— WHAT THE TASK REQUIRES —
In the entries below, find the line with "unfolding ic_partition_def by blast" and print exactly every line from there up to and including the line with "using sum_cycle_partition[OF assms(1-3)] Q(2)", with no other lines.

(Collected data)
text \<open>If g preserves a system of k blocks of size m, then g permutes the blocks. An orbit of
  this action of length d covers d m points, and every cycle of g through these points returns
  to its starting block only after a multiple of d steps, so its length is divisible by d; hence
  the cycle lengths on the union of the orbit form an ic-partition of type (d, m), and the
  orbit lengths on blocks form a partition of k.

  Conversely, split the cycles of g according to a clustering of type (k, m). On the points of
  a cluster of type (d, m) every cycle length is a multiple of d, so colouring each point by its
  distance, modulo d, from a fixed point of its cycle gives d colour classes that g permutes
  cyclically; they have equal size, hence size m.\<close>

lemma card_orbit_eq_funpow_dist1:
  assumes "permutation g"
  shows "card (orbit g x) = funpow_dist1 g x x"
proof -
  have x: "x \<in> orbit g x" using permutation_self_in_orbit[OF assms] .
  show ?thesis
    unfolding orbit_conv_funpow_dist1[OF x] using card_image[OF inj_on_funpow_dist1[OF x]] by simp
qed

lemma card_orbit_pos:
  assumes "permutation g"
  shows "0 < card (orbit g x)"
  using card_orbit_eq_funpow_dist1[OF assms] by simp

lemma funpow_eq_iff_mod_card_orbit:
  assumes "permutation g"
  shows "(g ^^ i) x = (g ^^ j) x \<longleftrightarrow> i mod card (orbit g x) = j mod card (orbit g x)"
proof -
  define p where "p = card (orbit g x)"
  have x: "x \<in> orbit g x" using permutation_self_in_orbit[OF assms] .
  have p: "p = funpow_dist1 g x x" using card_orbit_eq_funpow_dist1[OF assms] p_def by simp
  have period: "(g ^^ p) x = x" using funpow_dist1_prop[OF x] p by simp
  have inj: "inj_on (\<lambda>n. (g ^^ n) x) {0..<p}" using inj_on_funpow_dist1[OF x] p by simp
  have "(g ^^ i) x = (g ^^ j) x \<longleftrightarrow> (g ^^ (i mod p)) x = (g ^^ (j mod p)) x"
    using funpow_mod_eq[OF period] by simp
  also have "\<dots> \<longleftrightarrow> i mod p = j mod p"
    using inj_on_eq_iff[OF inj, of "i mod p" "j mod p"] p by simp
  finally show ?thesis unfolding p_def .
qed

lemma funpow_eq_self_iff_card_orbit_dvd:
  assumes "permutation g"
  shows "(g ^^ n) x = x \<longleftrightarrow> card (orbit g x) dvd n"
  using funpow_eq_iff_mod_card_orbit[OF assms, of n x 0] by (simp add: dvd_eq_mod_eq_0)

lemma orbit_eq_of_mem:
  assumes "permutation g" "y \<in> orbit g x"
  shows "orbit g y = orbit g x"
  using orbit_cyclic_eq3[OF cyclic_on_orbit'[OF assms(1)] assms(2)] .

lemma notin_orbit_step:
  assumes "permutation h" "X \<notin> orbit h b"
  shows "h X \<notin> orbit h b"
proof
  assume "h X \<in> orbit h b"
  then have "orbit h X = orbit h b"
    using orbit_eq_of_mem[OF assms(1)] permutation_orbit_step[OF assms(1)] by metis
  then show False using assms permutation_self_in_orbit by metis
qed

lemma disjoint_orbits:
  assumes "permutation g"
  shows "disjoint (orbit g ` A)"
proof (rule disjointI)
  fix X Y assume XY: "X \<in> orbit g ` A" "Y \<in> orbit g ` A" "X \<noteq> Y"
  show "X \<inter> Y = {}"
  proof (rule ccontr)
    assume "X \<inter> Y \<noteq> {}"
    then obtain z where "z \<in> X" "z \<in> Y" by blast
    then have "orbit g z = X" "orbit g z = Y" using XY(1,2) orbit_eq_of_mem[OF assms] by auto
    then show False using XY(3) by simp
  qed
qed

lemma orbit_subset_of_invariant:
  assumes "g ` A \<subseteq> A" "x \<in> A"
  shows "orbit g x \<subseteq> A"
proof
  fix y assume "y \<in> orbit g x"
  then show "y \<in> A" by induction (use assms in auto)
qed

lemma Union_orbits_of_invariant:
  assumes "permutation g" "g ` A \<subseteq> A"
  shows "\<Union>(orbit g ` A) = A"
  using orbit_subset_of_invariant[OF assms(2)] permutation_self_in_orbit[OF assms(1)] by blast

lemma image_Union_orbits_subset:
  assumes "T \<subseteq> range (orbit g)"
  shows "g ` \<Union>T \<subseteq> \<Union>T"
proof
  fix z assume "z \<in> g ` \<Union>T"
  then obtain X y where X: "X \<in> T" "y \<in> X" "z = g y" by blast
  obtain x where "X = orbit g x" using assms X(1) by blast
  with X have "z \<in> X" by (simp add: orbit.step)
  then show "z \<in> \<Union>T" using X(1) by blast
qed

lemma orbit_image_Union_orbits:
  assumes "permutation g" "T \<subseteq> range (orbit g)"
  shows "orbit g ` \<Union>T = T"
proof
  have "orbit g y = X" if XT: "X \<in> T" and yX: "y \<in> X" for X y
  proof -
    obtain x where "X = orbit g x" using assms(2) XT by blast
    with yX show ?thesis using orbit_eq_of_mem[OF assms(1)] by simp
  qed
  then show "orbit g ` \<Union>T \<subseteq> T" by blast
  show "T \<subseteq> orbit g ` \<Union>T"
  proof
    fix X assume "X \<in> T"
    then obtain x where "X = orbit g x" using assms(2) by blast
    then have "x \<in> X" "orbit g x = X" using permutation_self_in_orbit[OF assms(1)] by auto
    then show "X \<in> orbit g ` \<Union>T" using \<open>X \<in> T\<close> by blast
  qed
qed

lemma cycle_partition_Un:
  assumes "permutation g" "finite A1" "finite A2" "A1 \<inter> A2 = {}" "g ` A1 \<subseteq> A1" "g ` A2 \<subseteq> A2"
  shows "cycle_partition g (A1 \<union> A2) = cycle_partition g A1 + cycle_partition g A2"
proof -
  have "orbit g ` A1 \<inter> orbit g ` A2 = {}"
  proof (rule ccontr)
    assume "orbit g ` A1 \<inter> orbit g ` A2 \<noteq> {}"
    then obtain x y where xy: "x \<in> A1" "y \<in> A2" "orbit g x = orbit g y" by auto
    then have "x \<in> orbit g y" using permutation_self_in_orbit[OF assms(1)] by metis
    then show False using orbit_subset_of_invariant[OF assms(6) xy(2)] xy(1) assms(4) by blast
  qed
  then show ?thesis
    unfolding cycle_partition_def image_Un using mset_set_Union assms(2,3)
    by (metis finite_imageI image_mset_union)
qed

lemma sum_cycle_partition:
  assumes "permutation g" "finite A" "g ` A \<subseteq> A"
  shows "sum_mset (cycle_partition g A) = card A"
proof -
  have U: "\<Union>(orbit g ` A) = A" using Union_orbits_of_invariant[OF assms(1,3)] .
  have fin: "\<And>X. X \<in> orbit g ` A \<Longrightarrow> finite X"
    using U assms(2) by (metis Union_upper finite_subset)
  have "card A = sum card (orbit g ` A)"
    using card_Union_disjoint[OF disjoint_orbits[OF assms(1), of A] fin] U by simp
  then show ?thesis unfolding cycle_partition_def by (simp add: sum_unfold_sum_mset)
qed

lemma mem_cycle_partition_iff:
  assumes "finite A"
  shows "n \<in># cycle_partition g A \<longleftrightarrow> (\<exists>x\<in>A. n = card (orbit g x))"
  using assms unfolding cycle_partition_def by auto

lemma cycle_partition_eq_empty_iff:
  assumes "finite A"
  shows "cycle_partition g A = {#} \<longleftrightarrow> A = {}"
  using assms unfolding cycle_partition_def by (auto simp: mset_set_empty_iff)

lemma i_partition_empty: "i_partition 0 m {#}"
  unfolding i_partition_def by (rule exI[of _ "{#}"]) (simp add: is_int_partition_def)

lemma i_partition_add:
  assumes "i_partition k1 m P1" "i_partition k2 m P2"
  shows "i_partition (k1 + k2) m (P1 + P2)"
proof -
  obtain C1 where "\<forall>c\<in>#C1. snd c \<noteq> {#} \<and> ic_partition (fst c) m (snd c)"
     "is_int_partition k1 (image_mset fst C1)" "sum_mset (image_mset snd C1) = P1"
    using assms(1) unfolding i_partition_def by blast
  moreover obtain C2 where "\<forall>c\<in>#C2. snd c \<noteq> {#} \<and> ic_partition (fst c) m (snd c)"
     "is_int_partition k2 (image_mset fst C2)" "sum_mset (image_mset snd C2) = P2"
    using assms(2) unfolding i_partition_def by blast
  ultimately show ?thesis
    unfolding i_partition_def by (intro exI[of _ "C1 + C2"]) (auto simp: is_int_partition_def)
qed

lemma i_partition_of_ic_partition:
  assumes "0 < k" "P \<noteq> {#}" "ic_partition k m P"
  shows "i_partition k m P"
  unfolding i_partition_def
  by (rule exI[of _ "{#(k, P)#}"]) (use assms in \<open>simp add: is_int_partition_def\<close>)

lemma ic_partition_cycle_partition_iff:
  assumes "permutation g" "finite A" "g ` A \<subseteq> A" "0 < d"
  shows "ic_partition d m (cycle_partition g A) \<longleftrightarrow>
         (\<forall>x\<in>A. d dvd card (orbit g x)) \<and> card A = d * m"
proof
  assume "ic_partition d m (cycle_partition g A)"
  then obtain Q where Q: "is_int_partition m Q" "cycle_partition g A = image_mset ((*) d) Q"
    unfolding ic_partition_def by blast
  have "d dvd card (orbit g x)" if "x \<in> A" for x
    using that mem_cycle_partition_iff[OF assms(2), of "card (orbit g x)" g] Q(2) by auto
  moreover have "card A = d * m"
  proof -
    have "card A = sum_mset (image_mset ((*) d) Q)"
      using sum_cycle_partition[OF assms(1-3)] Q(2) by simp
    also have "\<dots> = d * m"
      using sum_mset_distrib_left[of d "\<lambda>x. x" Q] Q(1) by (simp add: is_int_partition_def)
    finally show ?thesis .
  qed
  ultimately show "(\<forall>x\<in>A. d dvd card (orbit g x)) \<and> card A = d * m" by blast
next
  assume dvd: "(\<forall>x\<in>A. d dvd card (orbit g x)) \<and> card A = d * m"
  define Q where "Q = image_mset (\<lambda>n. n div d) (cycle_partition g A)"
  have mem: "d dvd n \<and> 0 < n" if "n \<in># cycle_partition g A" for n
    using that dvd mem_cycle_partition_iff[OF assms(2)] card_orbit_pos[OF assms(1)] by metis
  have "image_mset ((*) d) Q = image_mset (\<lambda>n. n) (cycle_partition g A)"
    unfolding Q_def image_mset.compositionality using mem by (intro image_mset_cong) auto
  then have P: "cycle_partition g A = image_mset ((*) d) Q" by simp
  have "d * sum_mset Q = d * m"
    using sum_cycle_partition[OF assms(1-3)] dvd P sum_mset_distrib_left[of d "\<lambda>x. x" Q] by simp
  moreover have "\<forall>q\<in>#Q. 0 < q"
    unfolding Q_def using mem assms(4) by (auto simp: div_greater_zero_iff dvd_imp_le)
  ultimately show "ic_partition d m (cycle_partition g A)"
    unfolding ic_partition_def is_int_partition_def using P assms(4) by auto
qed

— THE ANSWER —
    unfolding ic_partition_def by blast
  have "d dvd card (orbit g x)" if "x \<in> A" for x
    using that mem_cycle_partition_iff[OF assms(2), of "card (orbit g x)" g] Q(2) by auto
  moreover have "card A = d * m"
  proof -
    have "card A = sum_mset (image_mset ((*) d) Q)"
      using sum_cycle_partition[OF assms(1-3)] Q(2) by simp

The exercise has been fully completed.